» **Available data**
* * * *

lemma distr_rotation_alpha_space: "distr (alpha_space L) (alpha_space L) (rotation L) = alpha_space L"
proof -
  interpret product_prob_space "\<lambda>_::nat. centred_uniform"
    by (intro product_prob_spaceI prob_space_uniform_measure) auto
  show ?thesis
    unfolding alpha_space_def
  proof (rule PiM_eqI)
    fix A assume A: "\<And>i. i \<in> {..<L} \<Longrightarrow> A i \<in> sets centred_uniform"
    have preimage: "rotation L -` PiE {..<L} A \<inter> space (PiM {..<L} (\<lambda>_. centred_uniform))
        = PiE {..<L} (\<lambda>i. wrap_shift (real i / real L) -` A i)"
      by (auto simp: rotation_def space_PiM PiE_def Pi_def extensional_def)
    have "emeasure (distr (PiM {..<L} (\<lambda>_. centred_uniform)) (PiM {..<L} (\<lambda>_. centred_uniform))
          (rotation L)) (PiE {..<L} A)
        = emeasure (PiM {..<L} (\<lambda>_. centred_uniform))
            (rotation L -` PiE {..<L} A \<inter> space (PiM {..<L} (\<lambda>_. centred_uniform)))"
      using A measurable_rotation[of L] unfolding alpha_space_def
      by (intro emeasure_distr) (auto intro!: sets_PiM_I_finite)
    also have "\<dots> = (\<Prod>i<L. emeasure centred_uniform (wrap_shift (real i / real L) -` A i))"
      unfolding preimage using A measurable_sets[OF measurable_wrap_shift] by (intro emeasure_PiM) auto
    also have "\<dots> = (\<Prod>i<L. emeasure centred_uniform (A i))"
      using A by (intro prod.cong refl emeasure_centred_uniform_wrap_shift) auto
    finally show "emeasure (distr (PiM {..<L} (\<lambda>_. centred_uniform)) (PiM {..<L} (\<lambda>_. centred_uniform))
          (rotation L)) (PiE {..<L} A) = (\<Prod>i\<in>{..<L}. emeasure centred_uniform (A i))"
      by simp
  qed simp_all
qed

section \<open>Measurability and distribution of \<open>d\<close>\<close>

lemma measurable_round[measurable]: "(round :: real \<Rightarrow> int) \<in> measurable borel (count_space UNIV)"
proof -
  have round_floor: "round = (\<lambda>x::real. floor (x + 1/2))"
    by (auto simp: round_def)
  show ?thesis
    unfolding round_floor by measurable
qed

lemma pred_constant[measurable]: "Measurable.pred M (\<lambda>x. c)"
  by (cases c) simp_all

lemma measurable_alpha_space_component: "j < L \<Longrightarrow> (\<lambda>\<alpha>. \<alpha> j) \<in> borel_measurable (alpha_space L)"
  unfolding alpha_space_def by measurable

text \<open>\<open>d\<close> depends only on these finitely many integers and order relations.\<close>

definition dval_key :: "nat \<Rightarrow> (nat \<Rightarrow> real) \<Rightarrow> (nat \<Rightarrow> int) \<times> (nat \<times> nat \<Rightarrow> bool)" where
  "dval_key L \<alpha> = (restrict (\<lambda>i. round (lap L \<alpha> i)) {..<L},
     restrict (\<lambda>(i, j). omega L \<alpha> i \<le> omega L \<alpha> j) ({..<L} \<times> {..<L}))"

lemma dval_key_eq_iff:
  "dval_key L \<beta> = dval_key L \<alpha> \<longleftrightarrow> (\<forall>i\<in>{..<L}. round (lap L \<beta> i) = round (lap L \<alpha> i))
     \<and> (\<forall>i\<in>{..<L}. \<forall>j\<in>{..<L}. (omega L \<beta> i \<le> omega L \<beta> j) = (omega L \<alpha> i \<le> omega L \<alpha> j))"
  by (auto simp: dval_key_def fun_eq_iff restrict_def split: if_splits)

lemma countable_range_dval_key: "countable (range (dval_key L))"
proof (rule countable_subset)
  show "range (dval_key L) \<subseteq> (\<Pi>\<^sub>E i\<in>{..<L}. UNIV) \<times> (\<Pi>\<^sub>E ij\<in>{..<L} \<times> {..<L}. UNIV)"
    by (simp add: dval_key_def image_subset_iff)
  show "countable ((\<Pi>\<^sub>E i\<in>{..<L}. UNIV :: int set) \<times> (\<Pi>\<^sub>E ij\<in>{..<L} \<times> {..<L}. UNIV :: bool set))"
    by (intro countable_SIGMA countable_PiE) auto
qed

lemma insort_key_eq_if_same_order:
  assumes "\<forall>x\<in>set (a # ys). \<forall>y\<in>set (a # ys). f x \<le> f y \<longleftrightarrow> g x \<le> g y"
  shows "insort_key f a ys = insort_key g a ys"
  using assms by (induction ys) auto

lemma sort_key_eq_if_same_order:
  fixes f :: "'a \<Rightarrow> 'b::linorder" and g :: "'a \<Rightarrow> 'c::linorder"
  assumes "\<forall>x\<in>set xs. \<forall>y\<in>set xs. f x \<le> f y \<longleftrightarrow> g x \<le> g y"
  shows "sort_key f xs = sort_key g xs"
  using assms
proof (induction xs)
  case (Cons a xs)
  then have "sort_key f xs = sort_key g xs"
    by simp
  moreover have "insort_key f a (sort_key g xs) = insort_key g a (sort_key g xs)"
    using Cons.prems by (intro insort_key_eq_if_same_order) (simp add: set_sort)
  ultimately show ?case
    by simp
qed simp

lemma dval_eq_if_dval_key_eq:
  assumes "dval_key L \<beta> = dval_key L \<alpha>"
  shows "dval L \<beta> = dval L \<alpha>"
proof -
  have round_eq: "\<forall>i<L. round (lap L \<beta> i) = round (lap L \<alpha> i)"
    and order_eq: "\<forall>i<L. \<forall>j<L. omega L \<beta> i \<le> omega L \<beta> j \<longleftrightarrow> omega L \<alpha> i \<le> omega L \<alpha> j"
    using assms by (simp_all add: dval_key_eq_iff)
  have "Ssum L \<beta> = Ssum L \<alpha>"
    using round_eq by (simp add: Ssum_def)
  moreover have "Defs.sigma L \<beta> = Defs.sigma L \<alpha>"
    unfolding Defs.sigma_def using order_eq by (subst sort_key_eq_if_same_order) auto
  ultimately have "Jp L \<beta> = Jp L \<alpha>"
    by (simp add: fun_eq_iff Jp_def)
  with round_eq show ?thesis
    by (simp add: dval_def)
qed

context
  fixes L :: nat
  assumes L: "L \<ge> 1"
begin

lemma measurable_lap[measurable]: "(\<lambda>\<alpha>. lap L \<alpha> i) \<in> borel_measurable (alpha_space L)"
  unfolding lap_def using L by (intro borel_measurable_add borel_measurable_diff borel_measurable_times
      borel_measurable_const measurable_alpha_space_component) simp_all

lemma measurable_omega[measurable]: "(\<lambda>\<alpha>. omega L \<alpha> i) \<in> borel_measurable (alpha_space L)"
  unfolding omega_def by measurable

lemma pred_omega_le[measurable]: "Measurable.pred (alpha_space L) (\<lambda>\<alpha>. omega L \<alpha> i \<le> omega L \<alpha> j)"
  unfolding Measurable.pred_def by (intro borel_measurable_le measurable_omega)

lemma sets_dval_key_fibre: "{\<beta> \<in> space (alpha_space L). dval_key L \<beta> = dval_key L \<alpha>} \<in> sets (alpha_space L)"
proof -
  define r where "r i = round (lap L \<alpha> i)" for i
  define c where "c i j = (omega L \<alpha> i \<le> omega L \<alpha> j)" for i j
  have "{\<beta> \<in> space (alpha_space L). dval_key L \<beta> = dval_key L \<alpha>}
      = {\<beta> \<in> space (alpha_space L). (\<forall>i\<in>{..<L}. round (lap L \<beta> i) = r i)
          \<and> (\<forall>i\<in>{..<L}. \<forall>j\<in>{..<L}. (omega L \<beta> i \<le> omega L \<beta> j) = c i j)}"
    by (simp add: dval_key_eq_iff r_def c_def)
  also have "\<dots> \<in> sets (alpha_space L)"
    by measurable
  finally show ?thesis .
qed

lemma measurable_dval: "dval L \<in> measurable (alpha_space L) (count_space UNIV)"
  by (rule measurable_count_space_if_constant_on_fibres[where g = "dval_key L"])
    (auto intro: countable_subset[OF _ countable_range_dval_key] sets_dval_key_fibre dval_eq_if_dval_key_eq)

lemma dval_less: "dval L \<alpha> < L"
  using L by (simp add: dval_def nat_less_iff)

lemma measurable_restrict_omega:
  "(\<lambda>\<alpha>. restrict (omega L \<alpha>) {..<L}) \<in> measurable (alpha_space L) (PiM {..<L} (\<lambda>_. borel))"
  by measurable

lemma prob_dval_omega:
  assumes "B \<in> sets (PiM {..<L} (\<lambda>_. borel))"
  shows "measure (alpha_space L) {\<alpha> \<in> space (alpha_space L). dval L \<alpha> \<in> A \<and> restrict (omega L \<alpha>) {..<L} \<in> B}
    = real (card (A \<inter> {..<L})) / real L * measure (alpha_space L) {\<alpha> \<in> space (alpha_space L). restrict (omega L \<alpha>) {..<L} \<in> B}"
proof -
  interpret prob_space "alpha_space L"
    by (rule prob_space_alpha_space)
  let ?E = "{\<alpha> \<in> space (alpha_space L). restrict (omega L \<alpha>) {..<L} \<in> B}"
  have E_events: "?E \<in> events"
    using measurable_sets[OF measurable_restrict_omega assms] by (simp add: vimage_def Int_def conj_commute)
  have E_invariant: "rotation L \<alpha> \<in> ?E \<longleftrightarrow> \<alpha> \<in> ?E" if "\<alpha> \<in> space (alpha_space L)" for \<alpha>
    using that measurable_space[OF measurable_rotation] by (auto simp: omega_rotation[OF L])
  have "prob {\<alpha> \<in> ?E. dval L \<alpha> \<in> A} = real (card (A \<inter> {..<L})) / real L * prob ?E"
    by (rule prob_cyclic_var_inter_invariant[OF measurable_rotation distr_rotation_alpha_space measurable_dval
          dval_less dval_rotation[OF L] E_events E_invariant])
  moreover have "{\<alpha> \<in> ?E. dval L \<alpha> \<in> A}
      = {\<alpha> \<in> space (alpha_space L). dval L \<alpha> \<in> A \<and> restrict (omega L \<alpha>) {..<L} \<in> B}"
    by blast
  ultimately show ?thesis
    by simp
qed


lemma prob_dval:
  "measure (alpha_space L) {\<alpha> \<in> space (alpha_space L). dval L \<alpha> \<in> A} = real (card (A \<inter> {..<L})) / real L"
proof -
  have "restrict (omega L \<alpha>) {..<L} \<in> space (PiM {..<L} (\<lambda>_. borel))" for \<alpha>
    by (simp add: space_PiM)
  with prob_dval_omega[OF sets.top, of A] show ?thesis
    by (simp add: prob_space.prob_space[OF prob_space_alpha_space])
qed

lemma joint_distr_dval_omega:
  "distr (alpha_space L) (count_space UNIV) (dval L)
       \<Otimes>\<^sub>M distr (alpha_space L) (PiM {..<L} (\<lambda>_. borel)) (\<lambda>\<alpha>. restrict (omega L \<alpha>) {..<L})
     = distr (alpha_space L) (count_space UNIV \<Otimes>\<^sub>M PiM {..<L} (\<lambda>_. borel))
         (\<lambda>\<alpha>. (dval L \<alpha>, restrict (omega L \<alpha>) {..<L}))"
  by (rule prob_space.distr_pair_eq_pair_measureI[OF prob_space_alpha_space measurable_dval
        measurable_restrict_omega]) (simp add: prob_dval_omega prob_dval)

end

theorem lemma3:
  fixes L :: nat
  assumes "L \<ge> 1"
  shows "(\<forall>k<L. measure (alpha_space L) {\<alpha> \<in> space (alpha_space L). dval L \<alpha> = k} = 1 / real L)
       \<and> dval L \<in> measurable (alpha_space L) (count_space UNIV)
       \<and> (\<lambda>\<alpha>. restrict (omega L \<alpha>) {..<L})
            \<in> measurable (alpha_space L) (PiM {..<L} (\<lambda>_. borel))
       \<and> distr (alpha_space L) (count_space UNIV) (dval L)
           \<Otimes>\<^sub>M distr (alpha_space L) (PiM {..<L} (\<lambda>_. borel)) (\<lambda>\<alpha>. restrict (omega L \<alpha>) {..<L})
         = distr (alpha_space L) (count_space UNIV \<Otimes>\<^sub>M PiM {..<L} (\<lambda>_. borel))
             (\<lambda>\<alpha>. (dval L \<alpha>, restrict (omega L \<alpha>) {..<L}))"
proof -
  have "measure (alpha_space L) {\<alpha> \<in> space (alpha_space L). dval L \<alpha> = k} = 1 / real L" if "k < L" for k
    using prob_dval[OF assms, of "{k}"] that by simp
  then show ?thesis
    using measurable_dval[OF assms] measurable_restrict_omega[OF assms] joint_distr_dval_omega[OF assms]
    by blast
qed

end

* * * *

» **How to complete this task**
Find the word "auto" in the entries, and copy every line it shows up in.

» **Solution to this task**
    by (intro product_prob_spaceI prob_space_uniform_measure) auto
      by (auto simp: rotation_def space_PiM PiE_def Pi_def extensional_def)
      by (intro emeasure_distr) (auto intro!: sets_PiM_I_finite)
      unfolding preimage using A measurable_sets[OF measurable_wrap_shift] by (intro emeasure_PiM) auto
      using A by (intro prod.cong refl emeasure_centred_uniform_wrap_shift) auto
    by (auto simp: round_def)
  by (auto simp: dval_key_def fun_eq_iff restrict_def split: if_splits)
    by (intro countable_SIGMA countable_PiE) auto
  using assms by (induction ys) auto
    unfolding Defs.sigma_def using order_eq by (subst sort_key_eq_if_same_order) auto
    (auto intro: countable_subset[OF _ countable_range_dval_key] sets_dval_key_fibre dval_eq_if_dval_key_eq)
    using that measurable_space[OF measurable_rotation] by (auto simp: omega_rotation[OF L])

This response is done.